● DATA IN THIS EXERCISE
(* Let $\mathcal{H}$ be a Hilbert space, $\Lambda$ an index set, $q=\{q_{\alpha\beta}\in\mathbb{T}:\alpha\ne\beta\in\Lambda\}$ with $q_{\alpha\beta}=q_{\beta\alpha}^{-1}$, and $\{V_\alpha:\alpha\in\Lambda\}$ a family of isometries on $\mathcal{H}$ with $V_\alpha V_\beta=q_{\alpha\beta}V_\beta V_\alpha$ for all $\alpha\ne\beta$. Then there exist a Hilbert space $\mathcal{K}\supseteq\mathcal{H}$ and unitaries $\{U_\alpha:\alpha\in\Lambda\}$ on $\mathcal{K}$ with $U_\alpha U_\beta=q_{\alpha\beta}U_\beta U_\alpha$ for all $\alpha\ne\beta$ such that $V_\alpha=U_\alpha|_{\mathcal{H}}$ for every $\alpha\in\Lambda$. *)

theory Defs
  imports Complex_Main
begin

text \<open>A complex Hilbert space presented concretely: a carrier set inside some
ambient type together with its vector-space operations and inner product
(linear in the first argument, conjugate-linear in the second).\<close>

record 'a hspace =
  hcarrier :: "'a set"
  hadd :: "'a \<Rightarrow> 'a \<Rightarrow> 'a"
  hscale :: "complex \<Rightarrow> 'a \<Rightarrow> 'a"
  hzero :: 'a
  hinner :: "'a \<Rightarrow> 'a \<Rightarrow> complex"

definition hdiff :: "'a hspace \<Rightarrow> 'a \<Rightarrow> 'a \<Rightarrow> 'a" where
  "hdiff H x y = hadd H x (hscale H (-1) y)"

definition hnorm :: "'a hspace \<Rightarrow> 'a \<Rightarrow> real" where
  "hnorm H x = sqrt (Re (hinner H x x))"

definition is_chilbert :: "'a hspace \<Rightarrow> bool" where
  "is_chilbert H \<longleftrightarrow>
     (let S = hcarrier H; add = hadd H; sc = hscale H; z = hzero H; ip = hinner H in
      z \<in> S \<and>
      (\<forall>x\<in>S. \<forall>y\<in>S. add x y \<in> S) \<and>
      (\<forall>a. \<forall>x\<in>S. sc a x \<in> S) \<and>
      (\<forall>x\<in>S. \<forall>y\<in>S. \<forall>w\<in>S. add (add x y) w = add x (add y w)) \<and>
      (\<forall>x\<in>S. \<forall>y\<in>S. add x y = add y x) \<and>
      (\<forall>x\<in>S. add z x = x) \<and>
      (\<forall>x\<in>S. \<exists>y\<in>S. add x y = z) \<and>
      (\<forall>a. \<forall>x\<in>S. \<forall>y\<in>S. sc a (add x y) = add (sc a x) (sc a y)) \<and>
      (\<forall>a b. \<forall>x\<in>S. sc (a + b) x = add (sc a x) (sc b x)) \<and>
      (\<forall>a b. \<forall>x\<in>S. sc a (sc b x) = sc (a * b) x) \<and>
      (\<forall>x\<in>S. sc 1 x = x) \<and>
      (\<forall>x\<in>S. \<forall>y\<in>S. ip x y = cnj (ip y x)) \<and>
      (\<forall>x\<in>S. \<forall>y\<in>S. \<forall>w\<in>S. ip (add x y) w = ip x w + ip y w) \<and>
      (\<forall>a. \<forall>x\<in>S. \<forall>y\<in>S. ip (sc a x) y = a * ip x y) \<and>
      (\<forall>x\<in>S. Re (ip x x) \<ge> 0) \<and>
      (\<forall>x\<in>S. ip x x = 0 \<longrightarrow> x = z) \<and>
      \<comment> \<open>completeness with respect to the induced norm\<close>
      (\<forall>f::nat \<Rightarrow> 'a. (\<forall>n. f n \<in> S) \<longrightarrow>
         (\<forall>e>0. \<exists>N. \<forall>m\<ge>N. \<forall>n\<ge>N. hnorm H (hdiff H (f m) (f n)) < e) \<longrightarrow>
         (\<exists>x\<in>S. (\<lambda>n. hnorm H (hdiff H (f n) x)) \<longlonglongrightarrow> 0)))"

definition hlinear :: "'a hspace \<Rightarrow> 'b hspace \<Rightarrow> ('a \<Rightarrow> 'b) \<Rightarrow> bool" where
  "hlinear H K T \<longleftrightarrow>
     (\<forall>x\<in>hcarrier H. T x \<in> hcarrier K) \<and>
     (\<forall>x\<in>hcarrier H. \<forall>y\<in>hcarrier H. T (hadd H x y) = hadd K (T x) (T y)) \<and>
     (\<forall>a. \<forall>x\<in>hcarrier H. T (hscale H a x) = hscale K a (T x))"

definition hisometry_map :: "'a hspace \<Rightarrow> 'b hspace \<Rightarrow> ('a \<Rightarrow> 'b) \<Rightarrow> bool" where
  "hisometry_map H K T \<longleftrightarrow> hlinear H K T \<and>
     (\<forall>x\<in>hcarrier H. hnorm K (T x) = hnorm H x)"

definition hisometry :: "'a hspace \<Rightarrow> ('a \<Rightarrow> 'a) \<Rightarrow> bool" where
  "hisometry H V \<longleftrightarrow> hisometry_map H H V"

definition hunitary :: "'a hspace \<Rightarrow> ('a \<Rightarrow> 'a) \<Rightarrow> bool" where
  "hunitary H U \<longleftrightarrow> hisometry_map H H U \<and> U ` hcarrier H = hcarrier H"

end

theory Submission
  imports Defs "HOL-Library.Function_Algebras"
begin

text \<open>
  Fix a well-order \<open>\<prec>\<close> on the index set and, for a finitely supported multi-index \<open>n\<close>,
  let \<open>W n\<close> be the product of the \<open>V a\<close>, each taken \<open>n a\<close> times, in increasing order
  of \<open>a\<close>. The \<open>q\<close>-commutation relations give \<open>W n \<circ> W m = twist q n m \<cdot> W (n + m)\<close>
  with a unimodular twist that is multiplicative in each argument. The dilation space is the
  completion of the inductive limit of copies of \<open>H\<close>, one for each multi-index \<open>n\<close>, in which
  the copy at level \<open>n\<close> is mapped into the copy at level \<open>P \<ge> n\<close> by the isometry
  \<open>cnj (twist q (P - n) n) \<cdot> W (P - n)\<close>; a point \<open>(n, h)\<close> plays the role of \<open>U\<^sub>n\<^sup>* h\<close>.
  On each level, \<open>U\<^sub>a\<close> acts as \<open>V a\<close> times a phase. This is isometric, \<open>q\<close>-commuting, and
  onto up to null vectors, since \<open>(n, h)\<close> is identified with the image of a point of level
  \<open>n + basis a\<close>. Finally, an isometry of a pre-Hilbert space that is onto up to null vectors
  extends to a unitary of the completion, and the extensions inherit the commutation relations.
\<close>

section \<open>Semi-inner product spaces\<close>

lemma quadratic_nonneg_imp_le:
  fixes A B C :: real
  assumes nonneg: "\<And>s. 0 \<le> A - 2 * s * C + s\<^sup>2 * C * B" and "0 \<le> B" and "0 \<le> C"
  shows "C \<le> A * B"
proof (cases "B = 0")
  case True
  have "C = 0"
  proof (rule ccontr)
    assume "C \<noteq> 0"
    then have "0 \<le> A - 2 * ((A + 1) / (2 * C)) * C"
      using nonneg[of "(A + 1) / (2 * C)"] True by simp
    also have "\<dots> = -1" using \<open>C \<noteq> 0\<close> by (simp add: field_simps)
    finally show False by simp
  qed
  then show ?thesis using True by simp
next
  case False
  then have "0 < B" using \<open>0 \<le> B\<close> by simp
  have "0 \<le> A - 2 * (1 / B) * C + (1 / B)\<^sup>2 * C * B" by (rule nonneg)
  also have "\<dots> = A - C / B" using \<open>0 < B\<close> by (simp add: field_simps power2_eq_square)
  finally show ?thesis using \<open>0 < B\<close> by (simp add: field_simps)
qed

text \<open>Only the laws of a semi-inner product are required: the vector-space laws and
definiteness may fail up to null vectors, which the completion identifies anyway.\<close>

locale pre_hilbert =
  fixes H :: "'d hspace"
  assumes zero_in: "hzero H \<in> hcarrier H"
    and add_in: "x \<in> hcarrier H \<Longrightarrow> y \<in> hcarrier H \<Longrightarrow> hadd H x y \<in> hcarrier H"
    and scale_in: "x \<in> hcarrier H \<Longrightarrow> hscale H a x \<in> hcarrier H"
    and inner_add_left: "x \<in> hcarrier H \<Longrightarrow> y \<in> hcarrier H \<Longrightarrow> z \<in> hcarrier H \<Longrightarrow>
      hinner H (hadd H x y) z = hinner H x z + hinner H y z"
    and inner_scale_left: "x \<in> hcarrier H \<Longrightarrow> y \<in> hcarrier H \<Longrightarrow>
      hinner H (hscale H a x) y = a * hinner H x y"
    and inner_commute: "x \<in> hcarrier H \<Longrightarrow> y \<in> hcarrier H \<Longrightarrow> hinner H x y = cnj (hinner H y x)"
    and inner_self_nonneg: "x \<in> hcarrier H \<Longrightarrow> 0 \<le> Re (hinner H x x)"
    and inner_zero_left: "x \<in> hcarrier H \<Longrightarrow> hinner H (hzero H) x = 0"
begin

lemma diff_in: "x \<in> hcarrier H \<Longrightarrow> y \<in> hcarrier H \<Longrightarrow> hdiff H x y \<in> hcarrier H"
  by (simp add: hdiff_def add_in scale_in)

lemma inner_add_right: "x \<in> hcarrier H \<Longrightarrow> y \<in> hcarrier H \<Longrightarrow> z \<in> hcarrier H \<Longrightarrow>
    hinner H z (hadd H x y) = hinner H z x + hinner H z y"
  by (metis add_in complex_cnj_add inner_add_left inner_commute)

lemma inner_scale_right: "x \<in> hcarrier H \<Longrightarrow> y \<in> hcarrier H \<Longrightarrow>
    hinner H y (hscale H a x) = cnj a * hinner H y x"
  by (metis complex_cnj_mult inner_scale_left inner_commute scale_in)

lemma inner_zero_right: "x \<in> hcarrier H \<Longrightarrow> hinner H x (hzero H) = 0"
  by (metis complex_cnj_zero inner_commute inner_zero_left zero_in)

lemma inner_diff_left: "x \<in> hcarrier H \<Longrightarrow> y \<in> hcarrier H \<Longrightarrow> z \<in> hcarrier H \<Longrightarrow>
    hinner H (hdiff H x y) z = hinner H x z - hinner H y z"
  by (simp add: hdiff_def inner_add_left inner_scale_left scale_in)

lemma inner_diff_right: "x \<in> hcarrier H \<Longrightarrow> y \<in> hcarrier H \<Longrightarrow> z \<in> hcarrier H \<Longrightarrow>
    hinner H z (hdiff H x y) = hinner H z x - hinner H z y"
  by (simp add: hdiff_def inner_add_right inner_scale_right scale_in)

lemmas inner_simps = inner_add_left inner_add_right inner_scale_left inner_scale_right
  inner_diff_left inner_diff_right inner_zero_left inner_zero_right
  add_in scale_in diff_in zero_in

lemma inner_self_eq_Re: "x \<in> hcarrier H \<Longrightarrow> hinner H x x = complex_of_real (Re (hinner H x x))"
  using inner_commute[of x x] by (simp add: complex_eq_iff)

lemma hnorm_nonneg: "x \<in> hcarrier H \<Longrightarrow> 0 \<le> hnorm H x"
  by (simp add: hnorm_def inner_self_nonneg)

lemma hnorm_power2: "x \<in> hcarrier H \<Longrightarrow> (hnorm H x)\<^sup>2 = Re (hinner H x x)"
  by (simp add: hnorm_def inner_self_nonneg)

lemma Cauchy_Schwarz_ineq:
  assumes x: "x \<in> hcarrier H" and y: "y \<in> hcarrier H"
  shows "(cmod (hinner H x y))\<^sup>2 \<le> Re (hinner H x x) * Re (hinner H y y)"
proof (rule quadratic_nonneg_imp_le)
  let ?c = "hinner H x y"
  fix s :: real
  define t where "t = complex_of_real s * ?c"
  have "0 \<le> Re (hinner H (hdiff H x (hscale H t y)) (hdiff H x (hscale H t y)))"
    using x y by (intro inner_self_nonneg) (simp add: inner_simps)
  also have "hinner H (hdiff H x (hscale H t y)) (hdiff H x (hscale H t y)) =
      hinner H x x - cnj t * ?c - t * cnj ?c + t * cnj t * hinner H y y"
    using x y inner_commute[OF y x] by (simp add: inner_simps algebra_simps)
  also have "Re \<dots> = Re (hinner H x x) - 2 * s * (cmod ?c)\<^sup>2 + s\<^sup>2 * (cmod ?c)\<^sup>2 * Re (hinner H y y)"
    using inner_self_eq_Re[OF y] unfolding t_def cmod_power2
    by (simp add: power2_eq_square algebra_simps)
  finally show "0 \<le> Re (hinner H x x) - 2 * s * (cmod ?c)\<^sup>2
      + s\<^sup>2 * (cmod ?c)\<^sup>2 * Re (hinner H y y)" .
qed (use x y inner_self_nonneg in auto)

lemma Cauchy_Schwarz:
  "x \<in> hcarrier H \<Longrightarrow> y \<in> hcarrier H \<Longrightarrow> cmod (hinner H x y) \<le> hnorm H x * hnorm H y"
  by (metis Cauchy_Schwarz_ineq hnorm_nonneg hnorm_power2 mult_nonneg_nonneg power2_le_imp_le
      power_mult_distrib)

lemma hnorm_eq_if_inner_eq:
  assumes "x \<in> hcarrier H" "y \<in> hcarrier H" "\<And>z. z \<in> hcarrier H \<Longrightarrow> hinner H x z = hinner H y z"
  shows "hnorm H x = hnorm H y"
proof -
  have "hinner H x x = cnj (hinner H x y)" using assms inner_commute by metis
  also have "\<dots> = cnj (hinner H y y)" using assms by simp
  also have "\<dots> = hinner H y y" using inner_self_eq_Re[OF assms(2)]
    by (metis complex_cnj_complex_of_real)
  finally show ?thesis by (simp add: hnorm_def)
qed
...
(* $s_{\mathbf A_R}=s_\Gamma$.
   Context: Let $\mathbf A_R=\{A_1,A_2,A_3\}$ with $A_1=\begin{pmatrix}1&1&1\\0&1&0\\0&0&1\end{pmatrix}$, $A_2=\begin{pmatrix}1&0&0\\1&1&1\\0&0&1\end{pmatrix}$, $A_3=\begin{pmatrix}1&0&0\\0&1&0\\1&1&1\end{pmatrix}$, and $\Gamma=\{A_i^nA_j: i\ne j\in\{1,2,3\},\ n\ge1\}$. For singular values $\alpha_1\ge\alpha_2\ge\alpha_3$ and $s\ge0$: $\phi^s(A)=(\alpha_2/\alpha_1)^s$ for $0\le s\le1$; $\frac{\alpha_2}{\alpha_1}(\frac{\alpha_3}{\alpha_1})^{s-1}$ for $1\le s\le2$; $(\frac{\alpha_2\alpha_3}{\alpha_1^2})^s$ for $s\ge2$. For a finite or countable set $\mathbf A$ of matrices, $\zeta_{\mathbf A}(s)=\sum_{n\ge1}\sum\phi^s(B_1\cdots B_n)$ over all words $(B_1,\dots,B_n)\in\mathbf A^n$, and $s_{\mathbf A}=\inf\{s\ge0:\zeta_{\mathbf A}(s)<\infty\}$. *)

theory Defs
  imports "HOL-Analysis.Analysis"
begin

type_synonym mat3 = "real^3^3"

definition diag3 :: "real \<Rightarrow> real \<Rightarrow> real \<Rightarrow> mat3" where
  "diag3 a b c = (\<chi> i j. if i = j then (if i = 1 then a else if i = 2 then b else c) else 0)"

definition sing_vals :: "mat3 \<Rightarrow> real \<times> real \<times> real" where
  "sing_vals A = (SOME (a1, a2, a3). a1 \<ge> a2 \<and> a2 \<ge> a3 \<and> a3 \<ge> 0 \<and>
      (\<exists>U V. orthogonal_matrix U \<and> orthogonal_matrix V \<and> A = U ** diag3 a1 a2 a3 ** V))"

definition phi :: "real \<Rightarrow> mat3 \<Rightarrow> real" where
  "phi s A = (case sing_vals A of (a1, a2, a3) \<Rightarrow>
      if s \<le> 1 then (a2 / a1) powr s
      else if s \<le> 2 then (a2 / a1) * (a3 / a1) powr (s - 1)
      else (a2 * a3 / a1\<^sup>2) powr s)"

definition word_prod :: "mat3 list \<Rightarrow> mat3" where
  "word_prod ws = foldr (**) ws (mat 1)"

● EXERCISE DIRECTIONS
Looking at the material above, state the number of lines holding the word "argument", and only that number.

● EXPECTED ANSWER
2